Thanks for the response and refs. They were informative. I also came upon
this... (from G.Paul "Predatory Dinosaurs" pg. 118)..."What the elongated
pubis did is something of a mystery. The muscles the pubis and it`s boot
anchored helped hold the hind limbs close to the body, but other erect-gait
animals do not have these muscles."

I`m glad I came across this, because I have very little knowledge of the
anatomical details, but believe I have a possible explaination for this
theropod feature. I was putting together a statement trying to describe
enviornmental reasons for differences in pterosaur and theropod hip
structure, and here is what I came up with:


I`ve been looking into pterosaur and theropod hips, and trying to evaluate
these differences in terms of enviornmental conditions that may have
prevailed.Here are some of my recent thoughts on the subject...

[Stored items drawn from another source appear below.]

lemma tail_weight_sum_le_dyadic_majorant:
  fixes y :: "nat \<Rightarrow> 'w \<Rightarrow> real^'d"
  shows "(\<Sum>\<gamma>. ennreal (\<bar>v \<gamma> \<omega>\<bar> * tail_weight (real CARD('d) + 1) (y \<gamma> \<omega>))) \<le> dyadic_majorant y v \<omega>"
proof -
  let ?w = "dyadic_weight CARD('d)" and ?C = "\<lambda>k. cube (2 ^ (k + 1)) :: (real^'d) set"
  have "(\<Sum>\<gamma>. ennreal (\<bar>v \<gamma> \<omega>\<bar> * tail_weight (real CARD('d) + 1) (y \<gamma> \<omega>)))
      \<le> (\<Sum>\<gamma>. \<Sum>k. ennreal (?w k) * ennreal (\<bar>v \<gamma> \<omega>\<bar> * indicator (?C k) (y \<gamma> \<omega>)))"
  proof (intro suminf_le allI)
    fix \<gamma>
    have "ennreal (\<bar>v \<gamma> \<omega>\<bar> * tail_weight (real CARD('d) + 1) (y \<gamma> \<omega>))
        \<le> ennreal \<bar>v \<gamma> \<omega>\<bar> * (\<Sum>k. ennreal (?w k * indicator (?C k) (y \<gamma> \<omega>)))"
      using tail_weight_le_dyadic[of "y \<gamma> \<omega>"]
      by (subst ennreal_mult) (auto intro: mult_left_mono simp: tail_weight_nonneg)
    also have "\<dots> = (\<Sum>k. ennreal (?w k) * ennreal (\<bar>v \<gamma> \<omega>\<bar> * indicator (?C k) (y \<gamma> \<omega>)))"
      unfolding ennreal_suminf_cmult[symmetric]
      by (intro suminf_cong) (simp add: ennreal_mult[symmetric] dyadic_weight_nonneg mult.left_commute)
    finally show "ennreal (\<bar>v \<gamma> \<omega>\<bar> * tail_weight (real CARD('d) + 1) (y \<gamma> \<omega>))
        \<le> (\<Sum>k. ennreal (?w k) * ennreal (\<bar>v \<gamma> \<omega>\<bar> * indicator (?C k) (y \<gamma> \<omega>)))" .
  qed auto
  also have "\<dots> = dyadic_majorant y v \<omega>"
    unfolding dyadic_majorant_def by (subst suminf_swap_ennreal) simp
  finally show ?thesis .
qed

context prob_space
begin

lemma AE_dyadic_majorant_finite:
  fixes y :: "nat \<Rightarrow> 'a \<Rightarrow> real^'d"
  assumes "poisson_pp M y" "\<And>\<gamma>. v \<gamma> \<in> borel_measurable M"
    and "\<And>\<gamma>. distr M borel (v \<gamma>) = distr M borel (v 0)" "integrable M (v 0)"
    and "indep_set
      (sigma_sets (space M) {v \<gamma> -` A \<inter> space M | \<gamma> A. A \<in> sets borel})
      (sigma_sets (space M) {y \<gamma> -` A \<inter> space M | \<gamma> A. A \<in> sets borel})"
  shows "AE \<omega> in M. dyadic_majorant y v \<omega> \<noteq> \<infinity>"
proof -
  let ?d = "CARD('d)" and ?w = "dyadic_weight CARD('d)"
  let ?C = "\<lambda>k. cube (2 ^ (k + 1)) :: (real^'d) set"
  let ?X = "\<lambda>k \<omega>. \<Sum>\<gamma>. ennreal (\<bar>v \<gamma> \<omega>\<bar> * indicator (?C k) (y \<gamma> \<omega>))"
  define a where "a = (\<integral>\<omega>. \<bar>v 0 \<omega>\<bar> \<partial>M)"
  have [measurable]: "y \<gamma> \<in> borel_measurable M" for \<gamma>
    using assms(1) unfolding poisson_pp_def by blast
  note [measurable] = assms(2) cube_sets_borel
  have "(\<integral>\<^sup>+\<omega>. dyadic_majorant y v \<omega> \<partial>M) = (\<Sum>k. ennreal (?w k) * (\<integral>\<^sup>+\<omega>. ?X k \<omega> \<partial>M))"
    unfolding dyadic_majorant_def by (subst nn_integral_suminf) (simp_all add: nn_integral_cmult)
  also have "\<dots> = (\<Sum>k. ennreal (a * 2 ^ (2 * ?d + 1) * (1 / 2) ^ k))"
  proof (rule suminf_cong)
    fix k
    have "measure lborel (?C k) = (2 ^ (k + 1)) ^ ?d"
      by (simp add: measure_cube)
    then have "(\<integral>\<^sup>+\<omega>. ?X k \<omega> \<partial>M) = ennreal a * ennreal ((2 ^ (k + 1)) ^ ?d)"
      unfolding a_def using poisson_pp_expected_marked_count[OF assms cube_sets_borel bounded_cube]
      by simp
    then have "ennreal (?w k) * (\<integral>\<^sup>+\<omega>. ?X k \<omega> \<partial>M) = ennreal (a * (?w k * (2 ^ (k + 1)) ^ ?d))"
      by (simp add: ennreal_mult[symmetric] dyadic_weight_def a_def mult_ac)
    then show "ennreal (?w k) * (\<integral>\<^sup>+\<omega>. ?X k \<omega> \<partial>M) = ennreal (a * 2 ^ (2 * ?d + 1) * (1 / 2) ^ k)"
      by (simp only: dyadic_weight_mult_volume mult.assoc)
  qed
  also have "\<dots> = ennreal (\<Sum>k. a * 2 ^ (2 * ?d + 1) * (1 / 2) ^ k)"
    by (intro suminf_ennreal2 summable_mult summable_geometric) (auto simp: a_def)
  finally have "(\<integral>\<^sup>+\<omega>. dyadic_majorant y v \<omega> \<partial>M) \<noteq> \<infinity>"
    by simp
  moreover have "dyadic_majorant y v \<in> borel_measurable M"
    unfolding dyadic_majorant_def by measurable
  ultimately show ?thesis
    by (intro nn_integral_PInf_AE)
qed

lemma AE_summable_tail_weight:
  fixes y :: "nat \<Rightarrow> 'a \<Rightarrow> real^'d"
  assumes "poisson_pp M y" "\<And>\<gamma>. v \<gamma> \<in> borel_measurable M"
    and "\<And>\<gamma>. distr M borel (v \<gamma>) = distr M borel (v 0)" "integrable M (v 0)"
    and "indep_set
      (sigma_sets (space M) {v \<gamma> -` A \<inter> space M | \<gamma> A. A \<in> sets borel})
      (sigma_sets (space M) {y \<gamma> -` A \<inter> space M | \<gamma> A. A \<in> sets borel})"
  shows "AE \<omega> in M. summable (\<lambda>\<gamma>. \<bar>v \<gamma> \<omega>\<bar> * tail_weight (real CARD('d) + 1) (y \<gamma> \<omega>))"
  using AE_dyadic_majorant_finite[OF assms]
proof eventually_elim
  case (elim \<omega>)
  then show ?case
    using tail_weight_sum_le_dyadic_majorant[of v \<omega> y]
    by (intro summable_suminf_not_top) (auto simp: tail_weight_nonneg top_unique)
qed

end

theorem lemma5p1:
  fixes M :: "'w measure"
    and y :: "nat \<Rightarrow> 'w \<Rightarrow> real^'d"
    and v :: "nat \<Rightarrow> 'w \<Rightarrow> real"
    and B :: "real^'d \<Rightarrow> real"
    and C_B \<epsilon> \<alpha> :: real
  assumes "prob_space M"
    and "poisson_pp M y"
    and "prob_space.indep_vars M (\<lambda>_. borel) v UNIV"
    and "\<And>\<gamma>. distr M borel (v \<gamma>) = distr M borel (v 0)"
    and "\<And>k. k \<in> {1..CARD('d) + 1} \<Longrightarrow> integrable M (\<lambda>\<omega>. (v 0 \<omega>) ^ k)"
    and "prob_space.indep_set M
           (sigma_sets (space M) {v \<gamma> -` A \<inter> space M | \<gamma> A. A \<in> sets borel})
           (sigma_sets (space M) {y \<gamma> -` A \<inter> space M | \<gamma> A. A \<in> sets borel})"
    and "B \<in> borel_measurable borel"
    and "\<epsilon> > 0"
    and "\<And>x. \<bar>B x\<bar> \<le> C_B * jbr x powr (- (real CARD('d) + 1 + \<epsilon>))"
    and "0 \<le> \<alpha>" and "\<alpha> < 1 / 2"
  shows "AE \<omega> in M. \<exists>C. \<exists>L0. \<forall>L L'. L0 \<le> L \<longrightarrow> L \<le> L' \<longrightarrow>
           (\<forall>x \<in> cube L.
              \<bar>indicator ((\<lambda>z. (L powr (1 / 2 + \<alpha>)) *\<^sub>R z) ` cube (1 / 2)) x
                 * (potential L y v B \<omega> x - potential L' y v B \<omega> x)\<bar>
              \<le> C * L powr (- \<epsilon>))"
proof -
  interpret prob_space M by fact
  (* only the first moment of the weights is needed; the measurability of B and 0 \<le> \<alpha> are not *)
  have "v \<gamma> \<in> borel_measurable M" for \<gamma>
    using assms(3) unfolding indep_vars_def by auto
  moreover have "integrable M (v 0)"
    using assms(5)[of 1] by simp
  ultimately have "AE \<omega> in M. summable (\<lambda>\<gamma>. \<bar>v \<gamma> \<omega>\<bar> * tail_weight (real CARD('d) + 1) (y \<gamma> \<omega>))"
    using assms(2,4,6) by (intro AE_summable_tail_weight)
  with AE_finite_points_in_cubes[OF assms(2)] show ?thesis
  proof eventually_elim
    case (elim \<omega>)
    then show ?case
      using assms(8,11) by (intro potential_diff_on_scaled_cube_le[OF assms(9)]) auto
  qed
qed

end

Why pterosaur and theropod hips differ (keep in mind a BCF viewpoint):

 The pterosaur body plan is "top heavy". When they landed on their feet they
had a strong tendancy to flop over onto their forepaws as well. This is why
they have no clavicles. Such fragile bones would have broken if they were
present. Pterosaurs may have landed on cycad branches which would have
offered a broader landing pad, and a springiness that would lessen the
schock of landing.There was no evolutionary "incentive" to evolve a deep hip
socket.

Early birds evolved in a colder enviornment, and had to land on the
relatively stiff branches of Gymnosperm trees. The landing pad was a slender
branch, and any foreward momentum would have caused the bird to overshoot
it`s mark, and rotate foreward and off the branch. The center of gravity had
to be aligned precisly to prevent this. The forces of the landing were
transmitted directly to the acetabulum, and therefor the socket had to be
deep.Muscles and ligaments attached from the tip of the pubis, and the
middle of the femur would tend to prevent the limb from moving outside of
the parasaggital plane, (thus preventing possible dislocation at the knee or
hip socket).The long pubis of theropods puts the distal end of this bone in
an excellent position to perform this function.Plus by it`s connection in
the midline by the pubic symphysis, makes an excellant triangular brace
against the pelvic girdle.



It is interesting to note, looking at the tyrannosaur skeleton (for
instance), that a flighted form with this body plan would have it`s pubic
bone pretty much "inline" with the path of approach to a landing pad. The
legs extended in anticipation of obtaining a perch, would tend to bring the
femur pretty much in line with the pubic bone as well. Therefor, the muscle
attachment between pubis and femur contracted to it`s fullest would bring
this alignment about. Once contact with the branch is made, and knee flexion
begins, this muscle becomes somewhat stretched, thus absorbing some of the
energy of the landing, while still maintaining a parasaggital orientation of
the femur.


Later birds were able to rotate the pubis backwards, because they developed
better rapid flapping capabilities which allowed a degree of "hovering" and
consequent decrease in the landing speeds, thus negating the need for strong
ligament restraint ventral to the acetabulum.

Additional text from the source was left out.